‘NextGen’ human brain organoids using 3D printed gelatin methacrylate

Tomaskovic-Crook E1,2, Zhang B1, Bourke JL3,4, Gu Q1, Kapsa RM3, Wallace GG1 and Crook JM1,2,5

  1. ARC Centre of Excellence for Electromaterials Science (ACES), AIIM, University of Wollongong, Innovation Campus, North Wollongong, NSW.
  2. IHMRI, University of Wollongong, Wollongong, NSW.
  3. ACES, St Vincent’s Hospital, University of Melbourne, Fitzroy, VIC.
  4. Dept Medicine, St Vincent’s Hospital, University of Melbourne, Fitzroy, VIC.
  5. Dept Surgery, St Vincent’s Hospital, University of Melbourne, Fitzroy, VIC.
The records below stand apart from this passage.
(* For every $p\ge1$, the operator $T$ defined on measurable functions $u$ on $[0,1]$ by $Tu(x)=x\,u(\tfrac1x-m)$ for $x\in(\tfrac1{m+1},\tfrac1m]$, $m\ge1$ (i.e. $Tu(x)=x\,u(\{1/x\})$, $\{\cdot\}$ the fractional part), is a bounded operator on $L^p\big([0,1],\tfrac{dx}{2\sqrt{x(1-x)}}\big)$, and its spectral radius on this space is at most $(\sqrt5-1)/2$. *)

theory Defs
  imports "HOL-Analysis.Analysis"
begin

definition mu :: "real measure" where
  "mu = density lborel
     (\<lambda>x. ennreal (indicator {0..1} x / (2 * sqrt (x * (1 - x)))))"

text \<open>The operator T u (x) = x u({1/x}) for x in (0,1]; complex scalars
  (spectral theory is done over the complex field).\<close>
definition Top :: "(real \<Rightarrow> complex) \<Rightarrow> real \<Rightarrow> complex" where
  "Top u x = (if 0 < x \<and> x \<le> 1 then complex_of_real x * u (frac (1 / x)) else 0)"

definition in_Lp :: "real \<Rightarrow> (real \<Rightarrow> complex) \<Rightarrow> bool" where
  "in_Lp p u \<longleftrightarrow> u \<in> borel_measurable mu \<and>
     (\<integral>\<^sup>+ x. ennreal (cmod (u x) powr p) \<partial>mu) < \<infinity>"

definition Lp_norm :: "real \<Rightarrow> (real \<Rightarrow> complex) \<Rightarrow> real" where
  "Lp_norm p u = (enn2real (\<integral>\<^sup>+ x. ennreal (cmod (u x) powr p) \<partial>mu)) powr (1 / p)"

definition bounded_on_Lp :: "real \<Rightarrow> ((real \<Rightarrow> complex) \<Rightarrow> real \<Rightarrow> complex) \<Rightarrow> bool" where
  "bounded_on_Lp p S \<longleftrightarrow> (\<exists>C. \<forall>u. in_Lp p u \<longrightarrow>
      in_Lp p (S u) \<and> Lp_norm p (S u) \<le> C * Lp_norm p u)"

text \<open>S is invertible on L^p(mu), with functions identified a.e.: injective modulo
  null functions and surjective modulo a.e. equality (the inverse is then bounded
  by the open mapping theorem).\<close>
definition invertible_on_Lp :: "real \<Rightarrow> ((real \<Rightarrow> complex) \<Rightarrow> real \<Rightarrow> complex) \<Rightarrow> bool" where
  "invertible_on_Lp p S \<longleftrightarrow>
     (\<forall>u. in_Lp p u \<and> (AE x in mu. S u x = 0) \<longrightarrow> (AE x in mu. u x = 0)) \<and>
     (\<forall>f. in_Lp p f \<longrightarrow> (\<exists>u. in_Lp p u \<and> (AE x in mu. S u x = f x)))"

definition Lp_spectrum :: "real \<Rightarrow> ((real \<Rightarrow> complex) \<Rightarrow> real \<Rightarrow> complex) \<Rightarrow> complex set" where
  "Lp_spectrum p S = {l. \<not> invertible_on_Lp p (\<lambda>u x. S u x - l * u x)}"

definition Lp_spectral_radius :: "real \<Rightarrow> ((real \<Rightarrow> complex) \<Rightarrow> real \<Rightarrow> complex) \<Rightarrow> ereal" where
  "Lp_spectral_radius p S = (SUP l\<in>Lp_spectrum p S. ereal (cmod l))"

end

theory Submission
  imports Defs
begin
The generation of brain organoids derived from human pluripotent stem cells (PSCs) is a significant step towards better in vitro modelling of neurodevelopment and disease. Brain organoids are discerned by their cellular and structural complexity, with characteristics of developing embryonic brains. Conventional methods of organoid formation are limited to small-scale operation and require multiple handling steps following stem cell aggregation, coating with expensive and undefined tumour-derived Matrigel™ basement membrane preparation, and arduous bioreactor based differentiation and expansion methods. We have initially demonstrated gelatin methacrylate (GelMA) to be a cell growth substrate for rapid and novel induction of brain organoids from human induced PSCs (iPSCs). GelMA is a versatile, 3D printable semisynthetic matrix that incorporates the intrinsic bioactivity of natural matrices with the fidelity of synthetic biomaterials for more defined and clinically-compliant cell support. Towards scaling up organoid production we have now 3D printed GelMA-based microwell arrays to generate large numbers of organoids for higher throughput R&D. Constructs consist of densely packed cell soma with regional divisions resembling cortical plate or rudimentary grey matter tissue with underlying white matter-like tissue, as well as hollow neural tube-like structures. With larger numbers of organoids we are progressing our understanding through immunofluorescent-based histochemistry of cortical lamination using layer-specific markers of cerebral neocortex and early progenitor regions; markers including RELN, CTIP2, TBR1, SATB2, PAX6, NES, and SOX2, as well as the forebrain specific marker, FOXG1. Moreover, we have demonstrated coordinated glutamate-responsive neural network activity of formed neurons by extracellular recordings using multi-electrode arrays (MEAs). The optimised ’NextGen’ method provides a defined, simplified and higher throughput platform for ’brain on a bench’ research and translation of iPSCs, neural derivatives and neural organoids, including in vitro modelling of brain development and disease, tissue engineering and regenerative medicine.